Another example though, squarely raises a crucial issue–the ways in which professional interventions that seek to understand a particular person or family’s “problem” and then create a “program” to address that “problem” can be particularly counterproductive. To make this point, the authors highlight the concept of adverse childhood experiences (ACES) and the relationship between ACES and foster care prevention services.
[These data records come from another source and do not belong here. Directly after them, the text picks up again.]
(* Consider $\dot x=f(x,u)$ with $x\in\mathbb{R}^n$, $f:\mathbb{R}^n\times\mathbb{R}^m\to\mathbb{R}^n$ continuous, $f(0,0)=0$, and suppose $V:\mathbb{R}^n\to\mathbb{R}_{\ge0}$ is a FxT-ISS Lyapunov function for this system. Let $\sigma\in\mathcal{K}_\infty$ have the form $\sigma(s)=\sum_{i=1}^nc_is^{r_i}$ with $1\le r_1<r_2<\dots<r_n$ and real $c_i\neq0$, and suppose $\sigma'(s)>0$ for all $s>0$. Then $\tilde V(x)=\sigma(V(x))$ is a FxT-ISS Lyapunov function for the system.
   Context: $\mathcal{K}_\infty$: continuous strictly increasing unbounded $\alpha:\mathbb{R}_{\ge0}\to\mathbb{R}_{\ge0}$ with $\alpha(0)=0$. $\mathcal{K}_{\mathrm{FxT}}$: functions $c_1s^{p_1}+c_2s^{p_2}$ with $c_1,c_2>0$, $p_1\in(0,1)$, $p_2>1$. A locally Lipschitz $V:\mathbb{R}^n\to\mathbb{R}_{\ge0}$ is a FxT-ISS Lyapunov function for $\dot x=f(x,u)$ if there exist $\underline\alpha,\overline\alpha,\chi\in\mathcal{K}_\infty$ and $\Psi\in\mathcal{K}_{\mathrm{FxT}}$ such that $\underline\alpha(|x|)\le V(x)\le\overline\alpha(|x|)$ for all $x$, and for all $x\in\mathbb{R}^n$, $u\in\mathbb{R}^m$: $V(x)\ge\chi(|u|)\implies DV(x;f(x,u))\le-\Psi(V(x))$, where $DV(x;v)=\limsup_{h\to0^+}\frac{V(x+hv)-V(x)}{h}$. *)

theory Defs
  imports "HOL-Analysis.Analysis"
begin

definition class_K_inf :: "(real \<Rightarrow> real) \<Rightarrow> bool" where
  "class_K_inf \<alpha> \<longleftrightarrow> continuous_on {0..} \<alpha> \<and> strict_mono_on {0..} \<alpha> \<and> \<alpha> 0 = 0
     \<and> (\<forall>M. \<exists>s\<ge>0. M < \<alpha> s)"

definition class_K_FxT :: "(real \<Rightarrow> real) \<Rightarrow> bool" where
  "class_K_FxT \<Psi> \<longleftrightarrow> (\<exists>c1 c2 p1 p2. c1 > 0 \<and> c2 > 0 \<and> 0 < p1 \<and> p1 < 1 \<and> p2 > 1 \<and>
     \<Psi> = (\<lambda>s. c1 * s powr p1 + c2 * s powr p2))"
lemma QUAD_sig_dissipation:
  fixes f :: "real^'n \<Rightarrow> real^'n" and x y :: "real^'n"
  assumes quad: "QUAD f \<delta>" and eps: "0 \<le> \<epsilon>1" "0 \<le> \<epsilon>2"
    and p: "0 < p" "p \<le> 1" and q: "1 \<le> q"
  defines "V \<equiv> (x - y) \<bullet> (x - y) / 2"
  shows "(x - y) \<bullet> (f x - \<epsilon>1 *\<^sub>R sig p (x - y) - \<epsilon>2 *\<^sub>R sig q (x - y) - f y)
    \<le> 2 * \<delta> * V - \<epsilon>1 * 2 powr ((1 + p) / 2) * V powr ((1 + p) / 2)
      - \<epsilon>2 * real CARD('n) powr ((1 - q) / 2) * 2 powr ((1 + q) / 2) * V powr ((1 + q) / 2)"
proof -
  let ?e = "x - y"
  have inner_self: "?e \<bullet> ?e = 2 * V"
    unfolding V_def by simp
  have split: "?e \<bullet> (f x - \<epsilon>1 *\<^sub>R sig p ?e - \<epsilon>2 *\<^sub>R sig q ?e - f y)
      = ?e \<bullet> (f x - f y) - \<epsilon>1 * (?e \<bullet> sig p ?e) - \<epsilon>2 * (?e \<bullet> sig q ?e)"
    by (simp add: inner_diff_right algebra_simps)
  have "?e \<bullet> (f x - f y) \<le> \<delta> * (2 * V)"
    using quad inner_self unfolding QUAD_def by metis
  moreover have "\<epsilon>1 * ((2 * V) powr ((1 + p) / 2)) \<le> \<epsilon>1 * (?e \<bullet> sig p ?e)"
    using inner_self_powr_le_inner_sig[OF p, of ?e] inner_self eps by (intro mult_left_mono) auto
  moreover have "\<epsilon>2 * (real CARD('n) powr ((1 - q) / 2) * (2 * V) powr ((1 + q) / 2))
      \<le> \<epsilon>2 * (?e \<bullet> sig q ?e)"
    using card_powr_mult_inner_self_powr_le_inner_sig[OF q, of ?e] inner_self eps
    by (intro mult_left_mono) auto
  moreover have "(2 * V) powr r = 2 powr r * V powr r" for r
    using powr_mult[of 2 V r] unfolding V_def by simp
  ultimately show ?thesis
    unfolding split by (simp add: algebra_simps)
qed
text \<open>Dividing \<open>g\<close> by \<open>g 0\<close> rescales row \<open>i\<close> by the scalar \<open>g 0 ^ q ^ (s * i)\<close>, and \<open>s\<close> only
  matters modulo \<open>m\<close>; \<open>s mod m \<noteq> 0\<close> because \<open>s\<close> is coprime to \<open>m \<ge> 2\<close>.\<close>
lemma gen_gabidulin_subset_vspan:
  fixes C :: "(nat \<Rightarrow> 'a::{field,finite}) set"
  assumes card: "card (UNIV :: 'a set) = q ^ m" and "m \<ge> 2" "q > 0" "n \<ge> 1"
    and "gen_gabidulin q m n k C"
  shows "\<exists>s\<in>{1..<m}. \<exists>h\<in>vecs (n - 1). C \<subseteq> vspan (gabidulin_rows q n k s (prepend_one h))"
proof -
  obtain s and g :: "nat \<Rightarrow> 'a" where "coprime s m" and indep: "lin_indep_on (Fsub q) {..<n} g"
    and C: "C = vspan (gabidulin_rows q n k s g)"
    using assms(5) unfolding gen_gabidulin_def gabidulin_rows_def by blast
  have "g 0 \<noteq> 0" using lin_indep_on_nonzero[OF indep _ _ assms(3)] assms(4) by simp
  define s' where "s' = s mod m"
  have "s' \<noteq> 0"
  proof
    assume "s' = 0"
    then have "m dvd s" unfolding s'_def by auto
    then show False using \<open>coprime s m\<close> assms(2) by auto
  qed
  moreover have "s' < m" unfolding s'_def using assms(2) by simp
  ultimately have "s' \<in> {1..<m}" by simp
  define h where "h j = (if j < n - 1 then g (Suc j) / g 0 else 0)" for j
  have "h \<in> vecs (n - 1)" by (simp add: vecs_def h_def)
  have rescale: "g j ^ (q ^ (s * i)) = g 0 ^ (q ^ (s' * i)) * prepend_one h j ^ (q ^ (s' * i))"
    if "j < n" for i j
  proof (cases "j = 0")
    case False
    then have "prepend_one h j = g j / g 0" using that by (simp add: prepend_one_def h_def)
    then show ?thesis using \<open>g 0 \<noteq> 0\<close> finite_field_power_power_mod[OF card, of "g j" s i]
      by (simp add: s'_def power_divide)
  qed (use finite_field_power_power_mod[OF card, of "g 0" s i] in \<open>simp add: prepend_one_def s'_def\<close>)
  have "C \<subseteq> vspan (gabidulin_rows q n k s' (prepend_one h))"
  proof
    fix v assume "v \<in> C"
    then obtain c where "v = lin_comb c (gabidulin_rows q n k s g)"
      unfolding C vspan_eq_lin_comb by blast
    then have "v = lin_comb (\<lambda>i. c i * g 0 ^ (q ^ (s' * i))) (gabidulin_rows q n k s' (prepend_one h))"
      unfolding lin_comb_def gabidulin_rows_def using rescale by (auto intro!: sum.cong simp: mult.assoc)
    then show "v \<in> vspan (gabidulin_rows q n k s' (prepend_one h))" by (auto simp: vspan_eq_lin_comb)
  qed
  with \<open>s' \<in> {1..<m}\<close> \<open>h \<in> vecs (n - 1)\<close> show ?thesis by blast
qed

lemma card_gen_gabidulin_le:
  assumes "card (UNIV :: 'a::{field,finite} set) = q ^ m" "m \<ge> 2" "q > 0" "n \<ge> 1"
  shows "card {G \<in> gen_matrices k n. gen_gabidulin q m n k (vspan (G :: (nat \<Rightarrow> 'a) list))}
     \<le> (m - 1) * card (UNIV :: 'a set) ^ (n - 1) * (card (UNIV :: 'a set) ^ k) ^ k"
proof -
  define P where "P = {1..<m} \<times> (vecs (n - 1) :: (nat \<Rightarrow> 'a) set)"
  define A where "A p = {G \<in> gen_matrices k n. set G \<subseteq> vspan (gabidulin_rows q n k (fst p) (prepend_one (snd p)))}"
    for p :: "nat \<times> (nat \<Rightarrow> 'a)"
  have "{G \<in> gen_matrices k n. gen_gabidulin q m n k (vspan G)} \<subseteq> (\<Union>p\<in>P. A p)"
  proof
    fix G :: "(nat \<Rightarrow> 'a) list" assume G: "G \<in> {G \<in> gen_matrices k n. gen_gabidulin q m n k (vspan G)}"
    then obtain s h where "s \<in> {1..<m}" "h \<in> vecs (n - 1)"
        "vspan G \<subseteq> vspan (gabidulin_rows q n k s (prepend_one h))"
      using gen_gabidulin_subset_vspan[OF assms] by blast
    then show "G \<in> (\<Union>p\<in>P. A p)"
      using G set_subset_vspan[of G] unfolding A_def P_def by (intro UN_I[of "(s, h)"]) auto
  qed
  moreover have "finite P" unfolding P_def by (simp add: finite_vecs)
  moreover have "finite (\<Union>p\<in>P. A p)"
    using \<open>finite P\<close> finite_gen_matrices[of k n, where 'a='a] unfolding A_def by auto
  ultimately have "card {G \<in> gen_matrices k n. gen_gabidulin q m n k (vspan (G :: (nat \<Rightarrow> 'a) list))}
      \<le> card (\<Union>p\<in>P. A p)"
    by (simp add: card_mono)
  also have "\<dots> \<le> (\<Sum>p\<in>P. card (A p))" by (rule card_UN_le[OF \<open>finite P\<close>])
  also have "\<dots> \<le> (\<Sum>p\<in>P. (card (UNIV :: 'a set) ^ k) ^ k)"
    unfolding A_def
    by (rule sum_mono, rule order_trans[OF card_gen_matrices_set_subset_vspan_le]) (simp add: gabidulin_rows_def)
  also have "\<dots> = (m - 1) * card (UNIV :: 'a set) ^ (n - 1) * (card (UNIV :: 'a set) ^ k) ^ k"
    unfolding P_def by (simp add: card_cartesian_product card_vecs)
  finally show ?thesis .
qed

section \<open>The bound inequality\<close>

definition bound_sum :: "nat \<Rightarrow> nat \<Rightarrow> nat \<Rightarrow> real" where
  "bound_sum q k n = (\<Sum>r = 0..k. real r * gauss_binom q k (k - r) * gauss_binom q (n - k) r * real q ^ (r ^ 2))"

lemma bound_ineq_iff:
  assumes "m \<ge> 1" "k \<ge> 1" "k + 1 \<le> n"
  shows "bound_ineq q k n m \<longleftrightarrow>
    bound_sum q k n / real q ^ m + (real m - 1) / real q ^ ((m - 1) * ((n - k - 1) * (k - 1))) < 1"
proof -
  have exponent: "(int m - 1) * (int n - int k - 1) * (int k - 1) = int ((m - 1) * ((n - k - 1) * (k - 1)))"
    using assms by (simp add: of_nat_diff mult.assoc)
  have "real q powi (- ((int m - 1) * (int n - int k - 1) * (int k - 1)))
      = 1 / real q ^ ((m - 1) * ((n - k - 1) * (k - 1)))"
    unfolding exponent power_int_minus power_int_of_nat by (simp add: divide_inverse)
  moreover have "(\<Sum>r = 0..k. real r * gauss_binom q k (k - r) * gauss_binom q (n - k) r
        * real q ^ (r ^ 2) * real q powi (- int m)) = bound_sum q k n / real q ^ m"
    unfolding bound_sum_def by (simp add: power_int_minus power_int_of_nat divide_inverse sum_distrib_right)
  ultimately show ?thesis unfolding bound_ineq_def by auto
qed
There’s no question that putting resources into the hands of agencies associated with the family regulation system to provide prevention services fails the abolitionist reform test. It builds, rather than shrinks, the system and reinforces the narrative that that agency is the arbiter of safety. It also does nothing to directly advance the material or political power of communities most deeply harmed by white supremacy. An advocate for such policy might respond that the concept of ACES and programs genuinely informed by an understanding of ACES have been shown to help particular families. How could this be a problem? To that, the authors have a clear response:
These industries are so faithful to technical surveys like “ACES” that are supposed to address adverse childhood experiences, rather than actually building up Black women and children.They spend more time building out family regulation apparatuses like “prevention models” than advocating for housing, baby bonds, and universal basic incomes for our communities. (P. 894.)
The message to those who would support such an intervention here is clear. If you agree we should move toward their vision, stop diagnosing “problems” and stop “helping” by expanding institutions. Instead, use whatever political power, resources, and/or technical expertise you have to work, in collaboration, toward the transfer of both significant power and significant resources from existing careceral institutions to Black families and communities. The road abolitionists propose is not easy, but I have no doubt it is the only road that will ultimately address the overwhelming violence wrought by carceral systems. We would all do well to heed their words.
- Nancy D. Polikoff & Jane M. Spinak, Foreword: Strengthened Bonds: Abolishing the Child Welfare System and Re-Envisioning Child Well-Being, 11 Colum. J. Race & L. 429 (2021).
- Dorothy Roberts, How I Became a Family Policing Abolitionist, 11 Colum. J. Race & L. 455 (2021).
- Critical Resistance, Reformist Reforms vs Abolitionist Steps in Policing (May 2021).